Optionally, as an embodiment, the processor 610 is further configured to adjust the first compensation table to obtain a second compensation table according to the adjustment coefficient;
the first compensation table and the second compensation table are up-sampled to obtain a third compensation table and a fourth compensation table which have the same size as the first RAW image;
multiplying the color value of each pixel point in the first RAW image by the compensation value of the corresponding position in the third compensation table to obtain a middle RAW image; and multiplying the color value of each pixel point corresponding to the R channel in the intermediate RAW image by the compensation value of the corresponding position in the fourth compensation table, and multiplying the color value of each pixel point corresponding to the B channel in the intermediate RAW image by the compensation value of the corresponding position in the fourth compensation table to obtain a fourth RAW image after lens shading correction.
It is to be understood that, in the embodiment of the present application, the input Unit 604 may include a Graphics Processing Unit (GPU) 6041 and a microphone 6042, and the Graphics Processing Unit 6041 processes image data of a still picture or a video obtained by an image capturing apparatus (such as a camera) in a video capturing mode or an image capturing mode. The display unit 606 may include a display panel 6061, and the display panel 6061 may be configured in the form of a liquid crystal display, an organic light emitting diode, or the like. The user input unit 607 includes a touch panel 6071 and other input devices 6072. A touch panel 6071, also referred to as a touch screen. The touch panel 6071 may include two parts of a touch detection device and a touch controller. Other input devices 6072 may include, but are not limited to, a physical keyboard, function keys (e.g., volume control keys, switch keys, etc.), a trackball, a mouse, and a joystick, which are not described in detail herein. The memory 609 may be used to store software programs as well as various data including, but not limited to, application programs and an operating system. The processor 610 may integrate an application processor, which primarily handles operating systems, user interfaces, applications, etc., and a modem processor, which primarily handles wireless communications. It will be appreciated that the modem processor described above may not be integrated into the processor 610.

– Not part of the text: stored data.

text \<open>Orthogonality is lines_over_bij read through the bijections enum_traces.\<close>

lemma lines_over_orthogonal_array:
  assumes y: "y \<in> Lns'"
  shows "orthogonal_array (order + 1) order (lines_over y) (points_on Pts' I' y) {..<order}
    (trace_index y)"
  unfolding orthogonal_array_def
proof (intro conjI ballI impI)
  show "finite (lines_over y)" using finite_lines unfolding lines_over_def by simp
  show "finite (points_on Pts' I' y)" using finite_points phi_image unfolding points_on_def by auto
  show "card (lines_over y) = order ^ 2" using card_lines_over_order[OF y] .
  show "card (points_on Pts' I' y) = order + 1" using card_points_on_order[OF y] .
  show "finite {..<order}" "card {..<order} = order" by simp_all
next
  fix g x assume "g \<in> lines_over y" "x \<in> points_on Pts' I' y"
  then show "trace_index y g x \<in> {..<order}" using trace_index(1) y unfolding points_on_def by simp
next
  fix x1 x2 s1 s2
  assume x: "x1 \<in> points_on Pts' I' y" "x2 \<in> points_on Pts' I' y" "x1 \<noteq> x2"
    and s: "s1 \<in> {..<order}" "s2 \<in> {..<order}"
  have x': "x1 \<in> Pts'" "I' x1 y" "x2 \<in> Pts'" "I' x2 y" using x unfolding points_on_def by auto
  note bij = lines_over_bij[OF y x'(1,3) x(3) x'(2,4)]
  have "(enum_traces x1 y s1, enum_traces x2 y s2) \<in> traces_over x1 y \<times> traces_over x2 y"
    using enum_traces_bij[OF x'(1) y x'(2)] enum_traces_bij[OF x'(3) y x'(4)] s
    unfolding bij_betw_def by auto
  then obtain g where g: "g \<in> lines_over y"
    "(trace x1 g, trace x2 g) = (enum_traces x1 y s1, enum_traces x2 y s2)"
    using bij unfolding bij_betw_def by (metis (no_types, lifting) imageE)
  have index_iff: "trace_index y h x1 = s1 \<and> trace_index y h x2 = s2 \<longleftrightarrow>
      (trace x1 h, trace x2 h) = (enum_traces x1 y s1, enum_traces x2 y s2)"
    if "h \<in> lines_over y" for h
    using that trace_index_eq_iff[OF x'(1) y x'(2)] trace_index_eq_iff[OF x'(3) y x'(4)] s by simp
  show "\<exists>!g. g \<in> lines_over y \<and> trace_index y g x1 = s1 \<and> trace_index y g x2 = s2"
  proof (rule ex1I[of _ g])
    show "g \<in> lines_over y \<and> trace_index y g x1 = s1 \<and> trace_index y g x2 = s2"
      using g index_iff by blast
    fix h assume h: "h \<in> lines_over y \<and> trace_index y h x1 = s1 \<and> trace_index y h x2 = s2"
    then have "(trace x1 h, trace x2 h) = (trace x1 g, trace x2 g)" using g index_iff by metis
    then show "h = g" using bij h g(1) unfolding bij_betw_def by (blast dest: inj_onD)
  qed
qed

lemma alg1_data_fibres:
  "alg1_data order Pts' Lns' I' fibre traces (\<lambda>y. {..<order}) lines_over trace_index traces_over
    enum_traces"
  unfolding alg1_data_def
proof (intro conjI ballI impI)
  fix x assume x: "x \<in> Pts'"
  interpret fibre: finite_affine_plane "fibre x" "traces x" using fibre_affine_plane[OF x] .
  show "affine_plane_of_order order (fibre x) (traces x) (\<lambda>x l. x \<in> l)"
    using fibre.affine_plane_of_order local_order_eq_order[OF x] unfolding local_order_def by simp
  show "traces x \<subseteq> Pow (fibre x)" using fibre.lines_subset .
  show "bij_betw (traces_over x) (lines_through Lns' I' x)
    (parallel_classes (fibre x) (traces x) (\<lambda>x l. x \<in> l))" using traces_over_bij[OF x] .
qed (use projective_plane_of_order lines_over_orthogonal_array enum_traces_bij in auto)

lemma alg1_line_eq:
  assumes g: "g \<in> Lns"
  shows "(\<Union>x\<in>points_on Pts' I' (psi g). {x} \<times> enum_traces x (psi g) (trace_index (psi g) g x)) =
    (\<lambda>Q. (phi Q, Q)) ` {Q \<in> Pts. I Q g}"
proof -
  have "enum_traces x (psi g) (trace_index (psi g) g x) = trace x g"
    if "x \<in> points_on Pts' I' (psi g)" for x
    using that trace_index(2) psi_in g unfolding points_on_def lines_over_def by simp
  then have "(\<Union>x\<in>points_on Pts' I' (psi g). {x} \<times> enum_traces x (psi g) (trace_index (psi g) g x))
      = (\<Union>x\<in>points_on Pts' I' (psi g). {x} \<times> trace x g)"
    by simp
  also have "\<dots> = (\<lambda>Q. (phi Q, Q)) ` {Q \<in> Pts. I Q g}"
    using phi_in incidence_preserved g unfolding trace_def fibre_def points_on_def by auto
  finally show ?thesis .
qed

lemma alg1_lines_eq:
  "alg1_lines Pts' Lns' I' lines_over trace_index enum_traces =
    (\<lambda>g. (\<lambda>Q. (phi Q, Q)) ` {Q \<in> Pts. I Q g}) ` Lns"
proof -
  have "alg1_lines Pts' Lns' I' lines_over trace_index enum_traces =
    (\<lambda>g. \<Union>x\<in>points_on Pts' I' (psi g). {x} \<times> enum_traces x (psi g) (trace_index (psi g) g x)) ` Lns"
    unfolding alg1_lines_def lines_over_def using psi_in by blast
  then show ?thesis using alg1_line_eq by simp
qed

lemma line_eq_if_same_points:
  assumes g: "g \<in> Lns" and h: "h \<in> Lns" and eq: "{Q \<in> Pts. I Q g} = {Q \<in> Pts. I Q h}"
  shows "g = h"
proof -
  obtain x1 x2 where "x1 \<in> Pts'" "x2 \<in> Pts'" "x1 \<noteq> x2" "I' x1 (psi g)" "I' x2 (psi g)"
    using two_points_on psi_in[OF g] by metis
  moreover have "trace x g = trace x h" for x
    using eq unfolding trace_def fibre_def by blast
  ultimately show ?thesis using line_eq_if_traces_eq[OF g h] by blast
qed

lemma isomorphic_alg1:
  "isomorphic Pts Lns I (alg1_points Pts' fibre)
    (alg1_lines Pts' Lns' I' lines_over trace_index enum_traces) (\<lambda>x l. x \<in> l)"
proof -
  let ?f = "\<lambda>Q. (phi Q, Q)"
  have inj: "inj_on ?f Pts" by (rule inj_onI) simp
  have "bij_betw ?f Pts (alg1_points Pts' fibre)"
    unfolding bij_betw_def alg1_points_def fibre_def using inj phi_in by auto
  moreover have "bij_betw (\<lambda>g. ?f ` {Q \<in> Pts. I Q g}) Lns
      (alg1_lines Pts' Lns' I' lines_over trace_index enum_traces)"
    unfolding alg1_lines_eq bij_betw_def
    using line_eq_if_same_points inj_on_image_eq_iff[OF inj] by (auto intro!: inj_onI)
  moreover have "I P g \<longleftrightarrow> ?f P \<in> ?f ` {Q \<in> Pts. I Q g}" if "P \<in> Pts" for P g
    using that by auto
  ultimately show ?thesis unfolding isomorphic_def by blast
qed

lemma ex_alg1_construction:
  "\<exists>m (PP :: 'a set) (PL :: 'b set) PI (AP :: 'a \<Rightarrow> 'p set) AL (Sig :: 'b \<Rightarrow> nat set)
      (Rows :: 'b \<Rightarrow> 'l set) OA pi beta.
     m \<ge> 2 \<and> alg1_data m PP PL PI AP AL Sig Rows OA pi beta \<and>
     isomorphic Pts Lns I (alg1_points PP AP) (alg1_lines PP PL PI Rows OA beta) (\<lambda>x L. x \<in> L)"
  by (intro exI conjI) (rule order_ge_2 alg1_data_fibres isomorphic_alg1)+

end

lemma uniform2_hjelmslev_epimorphism:
  fixes Pts :: "'p set" and Lns :: "'l set"
  assumes "finite Pts" "finite Lns" "uniform2_proj_hjelmslev Pts Lns I"
  shows "\<exists>(Pts' :: 'p set) (Lns' :: 'l set) I' phi psi.
    hjelmslev_epimorphism Pts Lns I Pts' Lns' I' phi psi"
proof -
  have "proj_hjelmslev_plane Pts Lns I" using assms(3) unfolding uniform2_proj_hjelmslev_def by blast
  note H = this[unfolded proj_hjelmslev_plane_def]
  obtain Pts' :: "'p set" and Lns' :: "'l set" and I' phi psi where "projective_plane Pts' Lns' I'"
    "phi ` Pts = Pts'" "psi ` Lns = Lns'" "\<forall>P\<in>Pts. \<forall>g\<in>Lns. I P g \<longrightarrow> I' (phi P) (psi g)"
    "\<forall>P\<in>Pts. \<forall>Q\<in>Pts. phi P = phi Q \<longleftrightarrow> pnb Pts Lns I P Q"
    "\<forall>g\<in>Lns. \<forall>h\<in>Lns. psi g = psi h \<longleftrightarrow> lnb Pts Lns I g h"
    using H[THEN conjunct2, THEN conjunct2] by blast
  moreover note H[THEN conjunct1] H[THEN conjunct2, THEN conjunct1]
  moreover have "\<forall>P\<in>Pts. affine_plane (nbhd_points Pts Lns I P) (nbhd_lines Pts Lns I P) (\<lambda>x l. x \<in> l)"
    using assms(3) unfolding uniform2_proj_hjelmslev_def uniform1_affine_hjelmslev_def by blast
  ultimately have "hjelmslev_epimorphism Pts Lns I Pts' Lns' I' phi psi"
    using assms(1,2) by unfold_locales auto
  then show ?thesis by blast
qed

The embodiment of the present application further provides a readable storage medium, where a program or an instruction is stored on the readable storage medium, and when the program or the instruction is executed by a processor, the program or the instruction implements each process of the lens shading correction method embodiment, and can achieve the same technical effect, and in order to avoid repetition, details are not repeated here.
The processor is the processor in the electronic device described in the above embodiment. The readable storage medium includes a computer readable storage medium, such as a Read-Only Memory (ROM), a Random Access Memory (RAM), a magnetic disk or an optical disk, and so on.
The embodiment of the present application further provides a chip, where the chip includes a processor and a communication interface, the communication interface is coupled to the processor, and the processor is configured to run a program or an instruction to implement each process of the above-mentioned lens shading correction method embodiment, and can achieve the same technical effect, and in order to avoid repetition, the description is omitted here.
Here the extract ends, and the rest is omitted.